Question 1: Is the image on a site you own?
If yes, you have the most direct path – Google Search Console gives you tools that work in 24 to 48 hours. You also need to remove the image from your server, otherwise it returns to the index within months.
Question 2: If the image is on someone else's site, what type of content is it?
Different categories trigger different removal mechanisms:
- Personal contact information attached to the image (your address, phone number, ID) – Results About You
- Mugshot or arrest record – specialised mugshot removal policy
- Non-consensual sexual or intimate imagery – dedicated NCII pipeline
- Copyrighted photo you own – DMCA takedown
- Defamatory image with a court order – legal removal
- Outdated cached image that no longer exists on the live page – Refresh Outdated Content
Question 3: Has the source site already removed or changed the image?
If yes, you only need to refresh Google's cache. If no, you need to start with the source site or a removal path that targets the index regardless of source cooperation.
The three questions form the entire workflow. Most failed removal attempts skip this triage and submit the wrong form for the situation. The rest of the guide breaks down each path in detail.
The 7 removal paths for different image types in 2026
Google offers seven distinct mechanisms in 2026. Each one targets a specific category of content and requires different evidence.
Path 1: Your own site (Search Console image URL removal)
The fastest path, available only if you own the site and have verified it in Google Search Console. The tool sits at search.google.com/search-console/removals.
For images, you submit the URL of the image file itself, not the page that displays it. Image URLs typically end in .jpg, .png, .webp, or .gif. To find the exact image URL, right-click the image in Google search results and copy the image address.
The tool gives you two options:
- Temporary remove URL – hides the image from Search results for about six months and clears the cached copy
- Clear cached URL – wipes only the cached snippet; the URL itself stays indexed
The critical detail: this tool is temporary. After roughly six months your image returns unless you also remove it from your server. For permanent removal you need both the Search Console request and one of these server-side changes:
- Delete the image file (return 404)
- Block the image directory with
robots.txt(Disallow: /path/to/image.jpg) - Add
noindexto the page hosting the image using meta tags or X-Robots-Tag header - Move the image behind authentication
Request processing typically completes in 24 to 48 hours. For images embedded in old blog posts or content that no longer exists, deletion at the server level plus a removal request is the cleanest workflow. The deeper mechanics of URL-level deindexing are covered in the remove URL from Google Search guide.
Path 2: Personal contact info or government IDs (Results About You)
This is the privacy dashboard Google launched in 2022 and significantly expanded on 10 February 2026. The tool is at myactivity.google.com/results-about-you.
What it can remove from Search and Google Images as of 2026:
- Phone numbers
- Email addresses
- Home addresses
- Government-issued ID numbers (added February 2026 – passports, driver's licenses, Social Security numbers)
- Bank account or credit card numbers
- Login credentials
- Medical records
- Handwritten signatures
- Personal images of minors
What changed in February 2026: Google expanded the tool to include government identification in response to rising identity-theft cases. The dashboard now also offers proactive alerts when monitored information appears in new results, and a much simpler flow for non-consensual explicit images – batch submission, future-search filter opt-in, and central request tracking.

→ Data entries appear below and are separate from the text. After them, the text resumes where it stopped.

(* Let $\mathcal A$ be an abelian category and let $0\to F\xrightarrow{i} M\xrightarrow{d} C\to 0$ be a fully invariant short exact sequence in $\mathcal A$. (1) Assume that $M$ is (strongly) self-$F$-split, and let $N$ be a direct summand of $M$ with $F\subseteq N$. Then for every (fully invariant) direct summand $K$ of $M$, $K\cap N$ is a (fully invariant) direct summand of $M$. (2) Assume that $M$ is dual (strongly) self-$F$-split, and let $N$ be a direct summand of $M$ with $N\subseteq F$. Then for every (fully invariant) direct summand $K$ of $M$, $K+N$ is a (fully invariant) direct summand of $M$.
   Context: Convention: each statement containing parenthetical words holds in two versions: one obtained by deleting all parenthetical words and one obtained by keeping all of them. Let $\mathcal A$ be an abelian category. A morphism $s:X\to Y$ is a section if $ts=1_X$ for some $t$, and a retraction if $st=1_Y$ for some $t$. A monomorphism $i:K\to M$ is fully invariant if for every morphism $h:M\to M$ there is $\alpha:K\to K$ with $hi=i\alpha$; an epimorphism $d:M\to C$ is fully coinvariant if for every $h:M\to M$ there is $\beta:C\to C$ with $dh=\beta d$. A subobject is fully invariant if its inclusion is. A short exact sequence $0\to F\xrightarrow{i}N\xrightarrow{d}C\to 0$ is fully invariant if $i$ is fully invariant. A (fully invariant) direct summand is a subobject whose inclusion is a (fully invariant) section. For an object $M$ and a fully invariant short exact sequence $0\to F\xrightarrow{i}N\xrightarrow{d}C\to 0$: $N$ is (strongly) $M$-$F$-split if for every morphism $g:M\to N$, $\ker(dg)$ (equivalently the morphism $P\to M$ in the pullback of $i$ along $g$) is a (fully invariant) section; $N$ is dual (strongly) $M$-$F$-split if for every morphism $g:N\to M$, $\mathrm{coker}(gi)$ (equivalently the morphism $M\to Q$ in the pushout of $d$ along $g$) is a (fully coinvariant) retraction. Self-versions: take $M=N$. *)

theory Defs
  imports Main
begin
lemma energy_density_descent:
  assumes fixed_point: "step (us, ws, lu, lw) us ws (us, ws, lu, lw)"
    and iteration: "step (u2o, w2o, u3o, w3o) u1 w1 (u2, w2, u3, w3)"
  defines "du1 \<equiv> \<lambda>i j k. u1 i j k - us i j k" and "dw1 \<equiv> \<lambda>i j k. w1 i j k - ws i j k"
  shows "energy_density (u2, w2, u3, w3) (us, ws, lu, lw) i j k + 4 * (u2 i j k - us i j k)\<^sup>2
       \<le> energy_density (u2o, w2o, u3o, w3o) (us, ws, lu, lw) i j k
         + 2 * eps\<^sup>2 * (lap h du1 i j k * du1 i j k) + 2 * tau * (lap h dw1 i j k * dw1 i j k)"
proof -
  let ?G = "log_ratio (u2 i j k) - log_ratio (us i j k)"
  have fixed: "- eps\<^sup>2 * lap h us i j k - alpha * ws i j k + lu i j k = 0"
      "alpha * (- us i j k + un i j k) + tau * lap h ws i j k - lw i j k = 0"
      "log_ratio (us i j k) - theta0 * un i j k - (1 - alpha) * ws i j k - lu i j k = 0"
      "(1 - alpha) * (- us i j k + un i j k) + lw i j k = 0"
      "-1 < us i j k" "us i j k < 1"
    using fixed_point by simp_all
  have iter: "- eps\<^sup>2 * lap h u1 i j k - alpha * w1 i j k + u3o i j k + rho_u * (u1 i j k - u2o i j k) = 0"
      "alpha * (- u1 i j k + un i j k) + tau * lap h w1 i j k - w3o i j k
        - rho_w * (w1 i j k - w2o i j k) = 0"
      "log_ratio (u2 i j k) - theta0 * un i j k - (1 - alpha) * w2 i j k - u3o i j k
        - rho_u * (u1 i j k - u2 i j k) = 0"
      "(1 - alpha) * (- u2 i j k + un i j k) + w3o i j k + rho_w * (w1 i j k - w2 i j k) = 0"
      "u3 i j k = u3o i j k + rho_u * (u1 i j k - u2 i j k)"
      "w3 i j k = w3o i j k + rho_w * (w1 i j k - w2 i j k)"
      "-1 < u2 i j k" "u2 i j k < 1"
    using iteration by simp_all
  have identity:
    "energy_density (u2o, w2o, u3o, w3o) (us, ws, lu, lw) i j k
     = energy_density (u2, w2, u3, w3) (us, ws, lu, lw) i j k
       + 2 * ((- eps\<^sup>2 * lap h du1 i j k) * du1 i j k - (tau * lap h dw1 i j k) * dw1 i j k)
       + rho_u * (du1 i j k - (u2o i j k - us i j k))\<^sup>2
       + rho_w * (dw1 i j k - (w2o i j k - ws i j k))\<^sup>2
       + 2 * (?G * (u2 i j k - us i j k))"
    using rho_u_pos rho_w_pos fixed(1-4) iter(1-6) unfolding energy_density.simps
    by (intro admm_error_identity[where alpha = alpha])
      (simp_all add: du1_def dw1_def lap_diff algebra_simps)
  have "2 * (u2 i j k - us i j k)\<^sup>2 \<le> ?G * (u2 i j k - us i j k)"
    using fixed(5,6) iter(7,8) by (intro log_ratio_strongly_monotone)
  moreover have "0 \<le> rho_u * (du1 i j k - (u2o i j k - us i j k))\<^sup>2"
      "0 \<le> rho_w * (dw1 i j k - (w2o i j k - ws i j k))\<^sup>2"
    using rho_u_pos rho_w_pos by simp_all
  moreover have "2 * ((- eps\<^sup>2 * lap h du1 i j k) * du1 i j k - (tau * lap h dw1 i j k) * dw1 i j k)
      = - (2 * eps\<^sup>2 * (lap h du1 i j k * du1 i j k)) - 2 * tau * (lap h dw1 i j k * dw1 i j k)"
    by (simp add: algebra_simps)
  ultimately show ?thesis
    using identity by linarith
qed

The fastest workflow in 2026: open any Google Search result containing your information, tap the three-dot menu next to the result, and select “Remove result.” For images, this works directly from the image preview. You then identify the category (personal contact, government ID, explicit content, etc.) and submit. Review typically completes within a few days for clear cases.
What it does not remove: news articles where your image is part of legitimate journalism, court records, professional photos in business contexts, accurate public-interest content. The threshold is “personal identification information” – not “an image I dislike of myself.”
For deeper reputation work see the removing personal information from Google guide on the privacy hub.
Path 3: Mugshots and arrest records
Mugshots are the single most common reason people search for image removal from Google. The path is different from general PII removal and requires understanding two distinct steps.
Step one: remove the image from the source site. Google does not host mugshots – it indexes them from mugshot websites, news sites, and police department portals. As long as the source page exists, removing it from Google only suppresses the result temporarily.
According to firms specialising in this kind of removal, roughly 40 to 60 percent of mugshot aggregator websites comply with polite removal requests when accompanied by legal documentation – expungement certificates, dismissal orders, or proof the charges were dropped.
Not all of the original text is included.